Should the market fall below 5724 points over the coming two weeks, it is likely to soften slightly further before finding support for the next rise. However, I see a move in either direction at this point as positive. When the market eventually trades above the high of 5881 points in February 2017 this will indicate that the market is on track to reach the target zone and challenge the all-time high in 2018. Either way, I remain bullish on the Australian market, as despite what you may hear, it is behaving in a ‘normal’ fashion.

Looking overseas, the US market has softened over the past week, however, it enjoyed buyer support on Wednesday evening following the announcement by the FED to lift rates. However, it appears that the boost in US equities may have been more to do with the FED’s commentary not changing markedly from the “steady as she goes” approach. We are likely to see at least one more rise from the FED this year.

Interestingly, with all of the discussions about Brexit, the UK market has remained incredibly strong, having pushed through past resistance to a new all-time high last year. All markets have been pushing higher, including the German market, the DAX, which is about to challenge its all-time high. So the big money markets, including the US, are either trading in blue sky (and making new all-time highs, or are close to breaking into blue sky territory, except for the Asian markets, particularly the Hang Seng (HSI) and the Shanghai Composite Index (SSEC), which are currently in the order of 25% and 47% below their all-time highs, respectively. And, our market, being in the Asian region, is also well below the high.
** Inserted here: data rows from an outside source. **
(* Let $G$ be a graph, $S\subseteq V(G)$, and $C$ a connected component of $G$, and suppose we are given a proper $2$-coloring (with colors white and black) of $C$. Let $G'$ be the graph obtained from $G$ by replacing $C$ with a star (with a new center vertex) whose ray vertices (leaves) are the vertices of $C\cap S$, and then subdividing those star edges whose ray vertex is black in the $2$-coloring. Then $B_G(S)=B_{G'}(S)$.
   Context: For a graph $G$ and $S\subseteq V(G)$, $B_G(S)$ is the set of subsets $S'\subseteq S$ such that there is a bipartition of $G$ (a proper $2$-coloring) with all vertices of $S'$ in one part and all vertices of $S\setminus S'$ in the other. If $G$ is not bipartite, $B_G(S)=\emptyset$. *)

theory Defs
  imports Main
begin

definition graph :: "'a set \<Rightarrow> 'a set set \<Rightarrow> bool" where
  "graph V E \<longleftrightarrow> finite V \<and> (\<forall>e\<in>E. \<exists>u v. u \<noteq> v \<and> u \<in> V \<and> v \<in> V \<and> e = {u, v})"

definition adj :: "'a set set \<Rightarrow> 'a \<Rightarrow> 'a \<Rightarrow> bool" where
  "adj E u v \<longleftrightarrow> {u, v} \<in> E"

definition component :: "'a set \<Rightarrow> 'a set set \<Rightarrow> 'a set \<Rightarrow> bool" where
  "component V E C \<longleftrightarrow> (\<exists>v\<in>V. C = {u. (adj E)\<^sup>*\<^sup>* v u})"

definition bipartition :: "'a set \<Rightarrow> 'a set set \<Rightarrow> 'a set \<Rightarrow> 'a set \<Rightarrow> bool" where
  "bipartition V E A B \<longleftrightarrow> A \<union> B = V \<and> A \<inter> B = {} \<and>
     (\<forall>e\<in>E. e \<inter> A \<noteq> {} \<and> e \<inter> B \<noteq> {})"

definition Bset :: "'a set \<Rightarrow> 'a set set \<Rightarrow> 'a set \<Rightarrow> 'a set set" where
  "Bset V E S = {S'. S' \<subseteq> S \<and> (\<exists>A B. bipartition V E A B \<and> S' \<subseteq> A \<and> S - S' \<subseteq> B)}"

text \<open>A proper 2-coloring of the component C: col x = True means black, False white.\<close>
definition proper_col_on :: "'a set set \<Rightarrow> 'a set \<Rightarrow> ('a \<Rightarrow> bool) \<Rightarrow> bool" where
  "proper_col_on E C col \<longleftrightarrow> (\<forall>u\<in>C. \<forall>v\<in>C. {u, v} \<in> E \<longrightarrow> col u \<noteq> col v)"

definition star_V :: "'a set \<Rightarrow> 'a set \<Rightarrow> 'a set \<Rightarrow> ('a \<Rightarrow> bool) \<Rightarrow> 'a \<Rightarrow> ('a \<Rightarrow> 'a) \<Rightarrow> 'a set" where
  "star_V V C S col c sub =
     (V - C) \<union> (C \<inter> S) \<union> {c} \<union> sub ` {x \<in> C \<inter> S. col x}"

definition star_E :: "'a set set \<Rightarrow> 'a set \<Rightarrow> 'a set \<Rightarrow> ('a \<Rightarrow> bool) \<Rightarrow> 'a \<Rightarrow> ('a \<Rightarrow> 'a) \<Rightarrow> 'a set set" where
  "star_E E C S col c sub =
     {e \<in> E. e \<inter> C = {}}
     \<union> {{c, x} | x. x \<in> C \<inter> S \<and> \<not> col x}
     \<union> {{c, sub x} | x. x \<in> C \<inter> S \<and> col x}
     \<union> {{sub x, x} | x. x \<in> C \<inter> S \<and> col x}"

end

theory Submission
  imports Defs
begin

text \<open>A proper 2-colouring of G is determined on the connected component C by a single bit:
  it agrees with col or with its complement. In G' the star with its subdivided edges
  forces every white ray to get the colour opposite to the centre and every black ray the
  colour of the centre, so a 2-colouring of G' is also determined on C \<inter> S by one bit.
  Since G and G' coincide outside C, the traces of their 2-colourings on S coincide.\<close>

lemma proper_col_onI:
  assumes "\<And>e. e \<in> E \<Longrightarrow> \<exists>u w. e = {u, w} \<and> f u \<noteq> f w"
  shows "proper_col_on E V f"
  unfolding proper_col_on_def
proof (intro ballI impI)
  fix x y assume "{x, y} \<in> E"
  then obtain u w where "{x, y} = {u, w}" "f u \<noteq> f w"
    using assms by blast
  then show "f x \<noteq> f y"
    by (auto simp: doubleton_eq_iff)
qed

lemma proper_col_on_subset:
  assumes "proper_col_on E V f" "C \<subseteq> V"
  shows "proper_col_on E C f"
  using assms unfolding proper_col_on_def by blast

lemma bipartition_imp_proper_col_on:
  assumes "bipartition V E A B"
  shows "proper_col_on E V (\<lambda>x. x \<in> A)"
  using assms unfolding bipartition_def proper_col_on_def by auto

lemma proper_col_on_imp_bipartition:
  assumes "graph V E" "proper_col_on E V f"
  shows "bipartition V E {x \<in> V. f x} {x \<in> V. \<not> f x}"
  unfolding bipartition_def
proof (intro conjI ballI)
  fix e assume "e \<in> E"
  then obtain u w where "e = {u, w}" "u \<in> V" "w \<in> V"
    using assms(1) unfolding graph_def by blast
  moreover have "f u \<noteq> f w"
    using assms(2) \<open>e \<in> E\<close> calculation unfolding proper_col_on_def by blast
  ultimately show "e \<inter> {x \<in> V. f x} \<noteq> {}" "e \<inter> {x \<in> V. \<not> f x} \<noteq> {}"
    by auto
qed auto

lemma Bset_eq_proper_col_on:
  assumes "graph V E" "S \<subseteq> V"
  shows "Bset V E S = {{x \<in> S. f x} | f. proper_col_on E V f}"
proof safe
  fix S' assume "S' \<in> Bset V E S"
  then obtain A B where S': "S' \<subseteq> S" "S' \<subseteq> A" "S - S' \<subseteq> B" and AB: "bipartition V E A B"
    unfolding Bset_def by auto
  have "A \<inter> B = {}"
    using AB unfolding bipartition_def by simp
  with S' have "S' = {x \<in> S. x \<in> A}"
    by auto
  then show "\<exists>f. S' = {x \<in> S. f x} \<and> proper_col_on E V f"
    using bipartition_imp_proper_col_on[OF AB] by auto
next
  fix f assume "proper_col_on E V f"
  then have "bipartition V E {x \<in> V. f x} {x \<in> V. \<not> f x}"
    using proper_col_on_imp_bipartition[OF assms(1)] by blast
  moreover have "{x \<in> S. f x} \<subseteq> {x \<in> V. f x}" "S - {x \<in> S. f x} \<subseteq> {x \<in> V. \<not> f x}"
    using assms(2) by auto
  ultimately show "{x \<in> S. f x} \<in> Bset V E S"
    unfolding Bset_def by blast
qed

lemma component_subset:
  assumes "graph V E" "component V E C"
  shows "C \<subseteq> V"
proof -
  obtain v where v: "v \<in> V" "C = {u. (adj E)\<^sup>*\<^sup>* v u}"
    using assms(2) unfolding component_def by blast
  have "u \<in> V" if "(adj E)\<^sup>*\<^sup>* v u" for u
    using that
  proof (induction rule: rtranclp_induct)
    case (step y z)
    then show ?case
      using assms(1) unfolding graph_def adj_def by (fastforce simp: doubleton_eq_iff)
  qed (fact v(1))
  then show ?thesis
    using v(2) by blast
qed

lemma component_edge_closed:
  assumes "component V E C" "{u, w} \<in> E" "u \<in> C"
  shows "w \<in> C"
proof -
  obtain v where "C = {u. (adj E)\<^sup>*\<^sup>* v u}"
    using assms(1) unfolding component_def by blast
  moreover have "adj E u w"
    using assms(2) unfolding adj_def .
  ultimately show ?thesis
    using assms(3) by (auto intro: rtranclp.rtrancl_into_rtrancl)
qed

lemma proper_col_on_component_unique:
  assumes "component V E C" "proper_col_on E C f" "proper_col_on E C g"
  shows "\<exists>b. \<forall>x\<in>C. f x = (g x = b)"
proof -
  obtain v where C: "C = {u. (adj E)\<^sup>*\<^sup>* v u}"
    using assms(1) unfolding component_def by blast
  have "f u = (g u = (f v = g v))" if "(adj E)\<^sup>*\<^sup>* v u" for u
    using that
  proof (induction rule: rtranclp_induct)
    case (step y z)
    have "{y, z} \<in> E" "y \<in> C"
      using step.hyps C unfolding adj_def by auto
    moreover from this have "z \<in> C"
      using assms(1) component_edge_closed by metis
    ultimately have "f y \<noteq> f z" "g y \<noteq> g z"
      using assms(2,3) unfolding proper_col_on_def by blast+
    then show ?case
      using step.IH by auto
  qed auto
  then show ?thesis
    using C by blast
qed

lemma star_E_cases [consumes 1, case_names old white center black]:
  assumes "e \<in> star_E E C S col c sub"
  obtains "e \<in> E" "e \<inter> C = {}"
    | x where "e = {c, x}" "x \<in> C \<inter> S" "\<not> col x"
    | x where "e = {c, sub x}" "x \<in> C \<inter> S" "col x"
    | x where "e = {sub x, x}" "x \<in> C \<inter> S" "col x"
  using assms unfolding star_E_def by blast

locale star_replacement =
  fixes V :: "'a set" and E :: "'a set set" and S C :: "'a set"
    and col :: "'a \<Rightarrow> bool" and c :: 'a and sub :: "'a \<Rightarrow> 'a"
  assumes graph: "graph V E"
    and S_subset: "S \<subseteq> V"
    and component: "component V E C"
    and col: "proper_col_on E C col"
    and c_fresh: "c \<notin> V"
    and sub_fresh: "\<forall>x\<in>C \<inter> S. col x \<longrightarrow> sub x \<notin> V \<and> sub x \<noteq> c"
begin

abbreviation "V' \<equiv> star_V V C S col c sub"
abbreviation "E' \<equiv> star_E E C S col c sub"

lemma C_subset: "C \<subseteq> V"
  using component_subset[OF graph component] .

lemma graph_star: "graph V' E'"
  unfolding graph_def
proof (intro conjI ballI)
  show "finite V'"
    using graph S_subset finite_subset unfolding graph_def star_V_def by auto
next
  fix e assume "e \<in> E'"
  then show "\<exists>u w. u \<noteq> w \<and> u \<in> V' \<and> w \<in> V' \<and> e = {u, w}"
  proof (cases rule: star_E_cases)
    case old
    then obtain u w where "u \<noteq> w" "u \<in> V" "w \<in> V" "e = {u, w}"
      using graph unfolding graph_def by blast
    with old show ?thesis
      unfolding star_V_def by blast
  next
    case (white x)
    have "c \<noteq> x" "x \<in> V'" "c \<in> V'"
      using white C_subset c_fresh unfolding star_V_def by auto
    with white show ?thesis
      by (intro exI[of _ c] exI[of _ x]) simp
  next
    case (center x)
    have "c \<noteq> sub x" "sub x \<in> V'" "c \<in> V'"
      using center sub_fresh unfolding star_V_def by auto
    with center show ?thesis
      by (intro exI[of _ c] exI[of _ "sub x"]) simp
  next
    case (black x)
    have "sub x \<notin> V" "x \<in> V"
      using black C_subset sub_fresh by auto
    moreover have "sub x \<in> V'" "x \<in> V'"
      using black unfolding star_V_def by auto
    ultimately show ?thesis
      using black by (intro exI[of _ "sub x"] exI[of _ x]) auto
  qed
qed

lemma S_subset_star_V: "S \<subseteq> V'"
  using S_subset unfolding star_V_def by blast

lemma star_col_ray:
  assumes "proper_col_on E' V' f'" "x \<in> C \<inter> S"
  shows "f' x = (col x = f' c)"
proof -
  have V': "c \<in> V'" "x \<in> V'" "col x \<Longrightarrow> sub x \<in> V'"
    using assms(2) unfolding star_V_def by auto
  show ?thesis
  proof (cases "col x")
    case False
    then have "{c, x} \<in> E'"
      unfolding star_E_def using assms(2) by blast
    then show ?thesis
      using assms(1) V' False unfolding proper_col_on_def by auto
  next
    case True
    then have "{c, sub x} \<in> E'" "{sub x, x} \<in> E'"
      unfolding star_E_def using assms(2) by blast+
    then have "f' c \<noteq> f' (sub x)" "f' (sub x) \<noteq> f' x"
      using assms(1) V' True unfolding proper_col_on_def by blast+
    then show ?thesis
      using True by auto
  qed
qed

lemma proper_col_on_star_extend:
  assumes "proper_col_on E V f"
  obtains f' where "proper_col_on E' V' f'" "\<forall>x\<in>S. f' x = f x"
proof -
  obtain b where b: "\<forall>x\<in>C. f x = (col x = b)"
    using proper_col_on_component_unique[OF component _ col]
      proper_col_on_subset[OF assms C_subset] by blast
  define f' where "f' y = (if y \<in> V then f y else if y = c then b else \<not> b)" for y
  have "proper_col_on E' V' f'"
  proof (rule proper_col_onI)
    fix e assume "e \<in> E'"
    then show "\<exists>u w. e = {u, w} \<and> f' u \<noteq> f' w"
    proof (cases rule: star_E_cases)
      case old
      then obtain u w where "u \<in> V" "w \<in> V" "e = {u, w}"
        using graph unfolding graph_def by blast
      moreover from this have "f u \<noteq> f w"
        using assms old(1) unfolding proper_col_on_def by blast
      ultimately show ?thesis
        unfolding f'_def by (intro exI[of _ u] exI[of _ w]) simp
    next
      case (white x)
      then have "f' c = b" "f' x = (\<not> b)"
        using b C_subset c_fresh unfolding f'_def by auto
      with white show ?thesis
        by (intro exI[of _ c] exI[of _ x]) simp
    next
      case (center x)
      then have "f' c = b" "f' (sub x) = (\<not> b)"
        using sub_fresh c_fresh unfolding f'_def by auto
      with center show ?thesis
        by (intro exI[of _ c] exI[of _ "sub x"]) simp
    next
      case (black x)
      then have "f' (sub x) = (\<not> b)" "f' x = b"
        using b C_subset sub_fresh unfolding f'_def by auto
      with black show ?thesis
        by (intro exI[of _ "sub x"] exI[of _ x]) simp
    qed
  qed
  moreover have "\<forall>x\<in>S. f' x = f x"
    using S_subset unfolding f'_def by auto
  ultimately show ?thesis
    by (rule that)
qed

lemma proper_col_on_star_restrict:
  assumes "proper_col_on E' V' f'"
  obtains f where "proper_col_on E V f" "\<forall>x\<in>S. f x = f' x"
proof -
  define f where "f y = (if y \<in> C then col y = f' c else f' y)" for y
  have "proper_col_on E V f"
    unfolding proper_col_on_def
  proof (intro ballI impI)
    fix u w assume uw: "u \<in> V" "w \<in> V" "{u, w} \<in> E"
    have same_side: "w \<in> C \<longleftrightarrow> u \<in> C"
      using component_edge_closed[OF component] uw(3) by (metis insert_commute)
    show "f u \<noteq> f w"
    proof (cases "u \<in> C")
      case True
      with same_side have "col u \<noteq> col w"
        using col uw(3) unfolding proper_col_on_def by blast
      with True same_side show ?thesis
        unfolding f_def by auto
    next
      case False
      with same_side have "{u, w} \<in> E'" "u \<in> V'" "w \<in> V'"
        using uw unfolding star_E_def star_V_def by auto
      with False same_side show ?thesis
        using assms unfolding proper_col_on_def f_def by auto
    qed
  qed
  moreover have "\<forall>x\<in>S. f x = f' x"
    using star_col_ray[OF assms] unfolding f_def by auto
  ultimately show ?thesis
    by (rule that)
qed

lemma Bset_star_eq: "Bset V E S = Bset V' E' S"
  unfolding Bset_eq_proper_col_on[OF graph S_subset]
    Bset_eq_proper_col_on[OF graph_star S_subset_star_V]
proof safe
  fix f assume "proper_col_on E V f"
  then obtain f' where "proper_col_on E' V' f'" "\<forall>x\<in>S. f' x = f x"
    by (rule proper_col_on_star_extend)
  then show "\<exists>f'. {x \<in> S. f x} = {x \<in> S. f' x} \<and> proper_col_on E' V' f'"
    by auto
next
  fix f' assume "proper_col_on E' V' f'"
  then obtain f where "proper_col_on E V f" "\<forall>x\<in>S. f x = f' x"
    by (rule proper_col_on_star_restrict)
  then show "\<exists>f. {x \<in> S. f' x} = {x \<in> S. f x} \<and> proper_col_on E V f"
    by auto
qed

end

theorem lemma5p4:
  fixes V :: "'a set" and E :: "'a set set" and S C :: "'a set"
    and col :: "'a \<Rightarrow> bool" and c :: 'a and sub :: "'a \<Rightarrow> 'a"
  assumes "graph V E"
    and "S \<subseteq> V"
    and "component V E C"
    and "proper_col_on E C col"
    and "c \<notin> V"
    and "\<forall>x\<in>C \<inter> S. col x \<longrightarrow> sub x \<notin> V \<and> sub x \<noteq> c"
    and "inj_on sub {x \<in> C \<inter> S. col x}"
  shows "Bset V E S = Bset (star_V V C S col c sub) (star_E E C S col c sub) S"
proof -
  interpret star_replacement V E S C col c sub
    using assms(1-6) by unfold_locales
  show ?thesis
    by (fact Bset_star_eq)
qed

end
This global momentum to new highs means our market is lagging, and will eventually break through its high. My analyst team believe there is a reasonable probability of a new all-time high (6873 points) being achieved during the next 12 to 18 months (at the latter end of this period) and this is our current target for the medium term. The previous medium term target between 6200 to 6400 points, or 6% to 10% above the current level, is now the short term target.